There had never been a laundry business in Stinkwater until enterprising couple Thapelo and Thandi Tshabalala took a chance and decided to open one in the village two years ago.
The couple came up with the idea after Thandi, who is married to Thapelo, was retrenched from her job at a laundromat in Pretoria.
At the time Thapelo had only part-time work, so they decided to venture into business. In this peri-urban settlement about 55km north of the Pretoria CBD, entrepreneurs trade in various sectors including car repairs, hair salons, shisa nyama, liquor and general stores. But there was a laundry.
Fortunately, Thandi had learnt the tricks of the laundry trade and the couple decided this was their niche. They decided to operate from a new section of the village called RDP – hoping that business would be good, but within three months they were facing disaster as most of the households in the area had their own washing machines.
“We had only three clients during those three months,” says Thapelo. The business still had to pay rent and the salary of the employee they had taken on board when they started operating.
“It was a total failure,” says Thandi. So, they folded the business briefly. When the covid-19 lockdown regulations were eased in mid-2020, the couple decided to try again. This time they found space at a premises located in what is essentially the village’s central business district, so the regular high volumes of human traffic worked to their advantage.
They started gathering clients from among professionals such as teachers who did not have the time to wash their clothes, youth busy with hustling and even from local households. Thandi says there was a lot of scepticism from some initially, after all, there had never been a laundry business in the village.
But as months went by they saw a steady rise in customers. As demand for their services grew, they created a monthly account for regular clients. While Thandi ran the daily operations at the laundry, Thapelo focused on collecting clothes and blankets from clients who could not travel to the premises, such as pensioners and the disabled. He also started to market the business more systematically.
To step up their business, Thapelo could potentially use the MTN Made For Skhokho, a prepaid plan made specifically for small and informal businesses.
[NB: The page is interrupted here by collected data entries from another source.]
(* Let $\mathbb F=\mathbb R$ or $\mathbb C$, $G$ an algebraic group over $\mathbb F$ and $\rho:G\to\mathrm{GL}(V)$ a rational representation on an $n$-dimensional space with $\rho(G)\subseteq\mathrm{SL}(V)$, and $0<k<n$. Let $U\subseteq V\otimes\mathbb F^k$ and $\pi_{k,V}$ be as below. Then for every $T\in U$ there is an isomorphism of algebraic groups $\mathrm{Stab}_G(\pi_{k,V}(T))\cong\mathrm{Stab}_{G\times\mathrm{SL}_k}(T)$.
   Context: $U=\{\sum_{i=1}^kv_i\otimes e_i: v_1,\dots,v_k\in V\text{ linearly independent}\}$, $e_i$ the standard basis of $\mathbb F^k$; $\pi_{k,V}(\sum_iv_i\otimes e_i)=v_1\wedge\cdots\wedge v_k\in\bigwedge^kV$. $G$ acts on $\bigwedge^kV$ via $\rho$, and $G\times\mathrm{SL}_k$ acts on $V\otimes\mathbb F^k$ by $(g,A)\cdot(v\otimes w)=\rho(g)v\otimes Aw$. *)

theory Defs
  imports "HOL-Analysis.Analysis"
begin

inductive_set polys :: "('x \<Rightarrow> 'a::comm_ring_1) set \<Rightarrow> ('x \<Rightarrow> 'a) set"
  for C :: "('x \<Rightarrow> 'a) set" where
  const: "(\<lambda>x. c) \<in> polys C"
| coord: "f \<in> C \<Longrightarrow> f \<in> polys C"
| add: "f \<in> polys C \<Longrightarrow> g \<in> polys C \<Longrightarrow> (\<lambda>x. f x + g x) \<in> polys C"
| mult: "f \<in> polys C \<Longrightarrow> g \<in> polys C \<Longrightarrow> (\<lambda>x. f x * g x) \<in> polys C"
The MTN Made For Skhokho bundles include Voice minutes, social and business data from as little as R49. Thapelo could start communicating specials with existing and potential clients on WhatsApp and social media without worrying about the cost of data.
In February last year they moved to a new premises along the main road connecting the village to the townships of Soshanguve in the west and Temba in the east.
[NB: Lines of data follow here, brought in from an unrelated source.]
(* For every $y_0\in Y$, $\Gamma_{per}(y_0)\subset W_1(y_0)$ and $V_{per}(y_0)\ge k^*(y_0)$.
   Context: Let $Y\subset\mathbb{R}^m$ be nonempty compact, $U_0$ a compact metric space, $U(\cdot):Y\rightsquigarrow U_0$ upper semicontinuous and compact-valued, and $f:\mathbb{R}^m\times U_0\to\mathbb{R}^m$, $k:\mathbb{R}^m\times U_0\to\mathbb{R}$ continuous. Put $A(y):=\{u\in U(y): f(y,u)\in Y\}$ and $G:=\{(y,u):y\in Y,\ u\in A(y)\}$. Standing assumption: $A(y)\ne\emptyset$ for all $y$. An admissible process from $z\in Y$ on a time range is a pair $(y(t),u(t))$ with $y(0)=z$, $u(t)\in A(y(t))$ and $y(t+1)=f(y(t),u(t))$. Let $\mathcal U_{\bar t}(y_0)$ denote the admissible controls from $y_0$ on $\{0,\dots,\bar t-1\}$. Periodic processes: - For an integer $\mathcal T>0$, a $\mathcal T$-periodic admissible process $(y_{\mathcal T}(\cdot),u_{\mathcal T}(\cdot))$ is an admissible process on $\{0,1,\dots\}$ (from $y_{\mathcal T}(0)$) satisfying $(y_{\mathcal T}(t+\mathcal T),u_{\mathcal T}(t+\mathcal T))=(y_{\mathcal T}(t),u_{\mathcal T}(t))$ for all $t$. - Such a process is finite-time reachable from $y_0$ if there exist an integer $\bar t\ge0$ and a control $u\in\mathcal U_{\bar t}(y_0)$ whose trajectory satisfies $y(\bar t)=y_{\mathcal T}(0)$. - $\Gamma_{per}(y_0)$ is the set of Borel probability measures $\gamma$ on $G$ of the form $\gamma(Q)=\frac1{\mathcal T}\sum_{t=0}^{\mathcal T-1}1_Q(y_{\mathcal T}(t),u_{\mathcal T}(t))$ generated by such finite-time-reachable periodic processes. - $V_{per}(y_0):=\inf\frac1{\mathcal T}\sum_{t=0}^{\mathcal T-1}k(y_{\mathcal T}(t),u_{\mathcal T}(t))$, where the infimum is over all $\mathcal T$ and all such processes. Measure spaces and LP objects: - $\mathcal P(G)$ denotes the Borel probability measures on $G$ and $\mathcal M_+(G)$ the finite nonnegative Borel measures on $G$. - $W:=\{\gamma\in\mathcal P(G):\int_G(\varphi(f(y,u))-\varphi(y))\,d\gamma=0\ \forall\varphi\in C(Y)\}$. - $W_1(y_0)$ is the set of $\gamma\in W$ for which there exists $\xi\in\mathcal M_+(G)$ with $\int_G(\varphi(y)-\varphi(y_0))\,d\gamma=\int_G(\varphi(f(y,u))-\varphi(y))\,d\xi$ for all $\varphi\in C(Y)$. - $k^*(y_0):=\inf_{\gamma\in W_1(y_0)}\int_Gk\,d\gamma$. Equivalently, $k^*(y_0)$ is the infimum of $\int_G k\,d\gamma$ over pairs $(\gamma,\xi)\in\mathcal P(G)\times\mathcal M_+(G)$ with $\gamma\in W$ and $\int_G(\varphi(y_0)-\varphi(y))\,d\gamma+\int_G(\varphi(f(y,u))-\varphi(y))\,d\xi=0$ for all $\varphi\in C(Y)$. *)

theory Defs
  imports "HOL-Analysis.Analysis" "HOL-Probability.Probability"
begin

definition usc_on :: "'a::topological_space set \<Rightarrow> ('a \<Rightarrow> 'b::topological_space set) \<Rightarrow> bool" where
  "usc_on Y U \<longleftrightarrow> (\<forall>y\<in>Y. \<forall>V. open V \<and> U y \<subseteq> V \<longrightarrow>
      (\<exists>N. open N \<and> y \<in> N \<and> (\<forall>y'\<in>Y \<inter> N. U y' \<subseteq> V)))"

definition adm :: "'a set \<Rightarrow> ('a \<Rightarrow> 'u set) \<Rightarrow> ('a \<Rightarrow> 'u \<Rightarrow> 'a) \<Rightarrow> 'a \<Rightarrow> 'u set" where
  "adm Y U f y = {u \<in> U y. f y u \<in> Y}"

definition graphG :: "'a set \<Rightarrow> ('a \<Rightarrow> 'u set) \<Rightarrow> ('a \<Rightarrow> 'u \<Rightarrow> 'a) \<Rightarrow> ('a \<times> 'u) set" where
  "graphG Y U f = {(y, u). y \<in> Y \<and> u \<in> adm Y U f y}"

definition prob_on :: "'b::topological_space set \<Rightarrow> 'b measure \<Rightarrow> bool" where
  "prob_on S M \<longleftrightarrow> prob_space M \<and> sets M = sets (restrict_space borel S)"

definition finmeas_on :: "'b::topological_space set \<Rightarrow> 'b measure \<Rightarrow> bool" where
  "finmeas_on S M \<longleftrightarrow> finite_measure M \<and> sets M = sets (restrict_space borel S)"

definition Wset :: "'a::topological_space set \<Rightarrow> ('a \<Rightarrow> 'u::topological_space set) \<Rightarrow> ('a \<Rightarrow> 'u \<Rightarrow> 'a)
    \<Rightarrow> ('a \<times> 'u) measure set" where
  "Wset Y U f = {\<gamma>. prob_on (graphG Y U f) \<gamma> \<and>
     (\<forall>\<phi> :: 'a \<Rightarrow> real. continuous_on Y \<phi> \<longrightarrow>
        (\<integral>p. \<phi> (f (fst p) (snd p)) - \<phi> (fst p) \<partial>\<gamma>) = 0)}"

definition W1set :: "'a::topological_space set \<Rightarrow> ('a \<Rightarrow> 'u::topological_space set) \<Rightarrow> ('a \<Rightarrow> 'u \<Rightarrow> 'a)
    \<Rightarrow> 'a \<Rightarrow> ('a \<times> 'u) measure set" where
  "W1set Y U f y0 = {\<gamma> \<in> Wset Y U f. \<exists>\<xi>. finmeas_on (graphG Y U f) \<xi> \<and>
     (\<forall>\<phi> :: 'a \<Rightarrow> real. continuous_on Y \<phi> \<longrightarrow>
        (\<integral>p. \<phi> (fst p) - \<phi> y0 \<partial>\<gamma>) = (\<integral>p. \<phi> (f (fst p) (snd p)) - \<phi> (fst p) \<partial>\<xi>))}"

text \<open>k*(y0) = inf over W_1(y0) of the integral of k (as an extended real; inf of the empty set is +infinity).\<close>
definition kstar :: "'a::topological_space set \<Rightarrow> ('a \<Rightarrow> 'u::topological_space set) \<Rightarrow> ('a \<Rightarrow> 'u \<Rightarrow> 'a)
    \<Rightarrow> ('a \<Rightarrow> 'u \<Rightarrow> real) \<Rightarrow> 'a \<Rightarrow> ereal" where
  "kstar Y U f k y0 = (INF \<gamma>\<in>W1set Y U f y0. ereal (\<integral>p. k (fst p) (snd p) \<partial>\<gamma>))"

definition periodic_reachable :: "'a set \<Rightarrow> ('a \<Rightarrow> 'u set) \<Rightarrow> ('a \<Rightarrow> 'u \<Rightarrow> 'a) \<Rightarrow> 'a
    \<Rightarrow> nat \<Rightarrow> (nat \<Rightarrow> 'a) \<Rightarrow> (nat \<Rightarrow> 'u) \<Rightarrow> bool" where
  "periodic_reachable Y U f y0 T yT uT \<longleftrightarrow>
     T > 0 \<and>
     (\<forall>t. yT t \<in> Y \<and> uT t \<in> adm Y U f (yT t) \<and> yT (Suc t) = f (yT t) (uT t)) \<and>
     (\<forall>t. yT (t + T) = yT t \<and> uT (t + T) = uT t) \<and>
     (\<exists>tb (yr :: nat \<Rightarrow> 'a) (ur :: nat \<Rightarrow> 'u). yr 0 = y0 \<and>
        (\<forall>t<tb. yr t \<in> Y \<and> ur t \<in> adm Y U f (yr t) \<and> yr (Suc t) = f (yr t) (ur t)) \<and>
        yr tb = yT 0)"

definition Gamma_per :: "'a::topological_space set \<Rightarrow> ('a \<Rightarrow> 'u::topological_space set) \<Rightarrow> ('a \<Rightarrow> 'u \<Rightarrow> 'a)
    \<Rightarrow> 'a \<Rightarrow> ('a \<times> 'u) measure set" where
  "Gamma_per Y U f y0 = {\<gamma>. prob_on (graphG Y U f) \<gamma> \<and>
     (\<exists>T yT uT. periodic_reachable Y U f y0 T yT uT \<and>
        (\<forall>Q\<in>sets \<gamma>. emeasure \<gamma> Q =
            ennreal ((1 / real T) * (\<Sum>t<T. indicator Q (yT t, uT t)))))}"

text \<open>V_per(y0) (extended real; inf of the empty set is +infinity).\<close>
definition V_per :: "'a set \<Rightarrow> ('a \<Rightarrow> 'u set) \<Rightarrow> ('a \<Rightarrow> 'u \<Rightarrow> 'a)
    \<Rightarrow> ('a \<Rightarrow> 'u \<Rightarrow> real) \<Rightarrow> 'a \<Rightarrow> ereal" where
  "V_per Y U f k y0 = (INF (T, yT, uT)\<in>{(T, yT, uT). periodic_reachable Y U f y0 T yT uT}.
       ereal ((1 / real T) * (\<Sum>t<T. k (yT t) (uT t))))"

end

theory Submission imports Defs begin

(* The measure generated by a T-periodic process is the occupation measure of one period, i.e.
   the average of the Dirac masses at (yT t, uT t), t < T.  Integrating phi(f(y,u)) - phi(y)
   against it telescopes over the period to 0, so it lies in W.  If a path w from y0 enters the
   period at time tb, the occupation measure xi of the path segments of lengths tb + t, t < T,
   weighted by 1/T, satisfies the W1 identity, because along each segment the increments of phi
   telescope to phi(yT t) - phi(y0).  Finally the integral of k against the periodic measure is
   the average cost over the period, whence k* <= V_per. *)

definition occupation_measure :: "'i set \<Rightarrow> real \<Rightarrow> ('i \<Rightarrow> 'b::topological_space) \<Rightarrow> 'b set \<Rightarrow> 'b measure"
  where "occupation_measure I c p S = distr (point_measure I (\<lambda>_. ennreal c)) (restrict_space borel S) p"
They currently employ two people and have about 80 regular clients. But the business is not without challenges. They are sometimes forced to buy water in containers which they transport using their bakkie owing to regular water outages in the area.
The couple plan to expand the business and create more jobs. One of their plans includes contracting unemployed people who have their own cars to act as agents that will go around the neighbouring villages collecting laundry while earning a commission.